Correlations in optically-controlled quantum emitters

TL;DR

This paper investigates how external laser excitation influences quantum and classical correlations in individual quantum emitters, revealing conditions where quantum correlations surpass classical ones and emphasizing the importance of proper entanglement measures.

Contribution

It analytically demonstrates that quantum discord can exceed classical correlations in quantum emitters, challenging previous assumptions, and explores how laser control can optimize quantum correlations.

Findings

Quantum discord can be greater than classical correlations during evolution.

External laser fields can enhance quantum correlations.
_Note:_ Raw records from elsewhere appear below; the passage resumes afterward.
(* Fix $\delta>0$. For $\pi\in\{\texttt{G-HCLA},\texttt{GP-HCLA}\}$, the set $\mathcal B=\{t\ge1:|U(G(t);\hat\mu(t))-U(G(t);\mu)|\ge\delta\}$ satisfies $\mathbb E[|\mathcal B|]\le 4MK+\frac{2M^3K}{\delta^2}$.
   Context: Model: $M$ agents, $K>M$ arms; pair $(m,k)$ has a Bernoulli distribution of mean $\mu_{m,k}\in[0,1]$. Each round each agent pulls an arm (assignment $G(t)$ of arms $k^G_m$ to agents, a "matching"; $\mathcal G$ the set of assignments); an agent receives an independent Bernoulli sample of its arm if no other agent pulls that arm, else $0$. Each agent may also query one arm per round as a hint, observing an independent sample. $U(G;w)=\sum_m w_{m,k^G_m}\mathbb 1\{\forall m'\ne m:k^G_{m'}\ne k^G_m\}$; $G^*=\arg\max U(G;\mu)$ unique. $\mathrm{kl}$ is the Bernoulli KL divergence, $f(t)=\log t+4\log\log t$. Covering matchings $R_i$ ($i\le K$) match agent $m$ to arm $((m+i-2)\bmod K)+1$, $\mathcal R=\{R_i\}$. $\texttt{Hungarian}(w)$ returns an assignment of agents to distinct arms maximizing $\sum_m w_{m,k^G_m}$. Both algorithms are centralized and maintain per edge $N_{m,k}(t)$ (number of observations of $(m,k)$ from pulls and hints before $t$), their empirical mean $\hat\mu_{m,k}(t)$, and $d_{m,k}(t)=\sup\{q\ge0:N_{m,k}(t)\mathrm{kl}(\hat\mu_{m,k}(t),q)\le f(t)\}$ (initialized to $0$). At round $t$: $G(t)=\texttt{Hungarian}(\hat\mu(t))$, $G'(t)=\texttt{Hungarian}(d(t))$; if $U(G'(t);d(t))>U(G(t);\hat\mu(t))$ a hint matching $G^{\mathrm{hint}}(t)$ is chosen and each agent queries its arm in it; then agents pull per $G(t)$ and update. In $\texttt{GP-HCLA}$, $G^{\mathrm{hint}}(t)$ is, w.p. $1/2$ each, either the $R\in\mathcal R$ containing an edge of $G'(t)$ with minimal $N_{m,k}(t)$, or a uniformly random element of $\mathcal R$. In $\texttt{G-HCLA}$, $G^{\mathrm{hint}}(t)$ is, w.p. $1/2$ each, either $G'(t)$ or a uniformly random element of $\mathcal R$. *)

theory Defs
  imports "HOL-Probability.Probability"
begin

text \<open>Agents are 1..M, arms are 1..K. An assignment maps each agent to an arm
(extensional outside {1..M}).\<close>

type_synonym assignment = "nat \<Rightarrow> nat"
type_synonym weights = "nat \<Rightarrow> nat \<Rightarrow> real"
type_synonym hstate = "(nat \<Rightarrow> nat \<Rightarrow> nat) \<times> (nat \<Rightarrow> nat \<Rightarrow> nat)"
  \<comment> \<open>(N, S): numbers of observations and sums of observed samples per edge\<close>
type_synonym round_rand = "bool \<times> nat \<times> (nat \<times> nat \<Rightarrow> bool) \<times> (nat \<times> nat \<Rightarrow> bool)"
  \<comment> \<open>(coin, uniform index into the covering matchings, hint samples, pull samples)\<close>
Proper entanglement measures are crucial for accurate analysis.

Abstract

We address the problem of optically controlling and quantifying the dissipative dynamics of quantum and classical correlations in a set-up of individual quantum emitters under external laser excitation. We show that both types of correlations, the former measured by the quantum discord, are present in the system's evolution even though the emitters may exhibit an early stage disentanglement. In the absence of external laser pumping,we demonstrate analytically, for a set of suitable initial states, that there is an entropy bound for which quantum discord and entanglement of the emitters are always greater than classical correlations, thus disproving an early conjecture that classical correlations are greater than quantum correlations. Furthermore, we show that quantum correlations can also be greater than classical correlations when the system is driven by a laser field. For scenarios where the emitters' quantum correlations are below their classical counterparts, an optimization of the evolution of the quantum correlations can be carried out by appropriately tailoring the amplitude of the laser field and the emitters' dipole-dipole interaction. We stress the importance of using the entanglement of formation, rather than the concurrence, as the entanglement measure, since the latter can grow beyond the total correlations and thus give incorrect results on the actual system's degree of entanglement.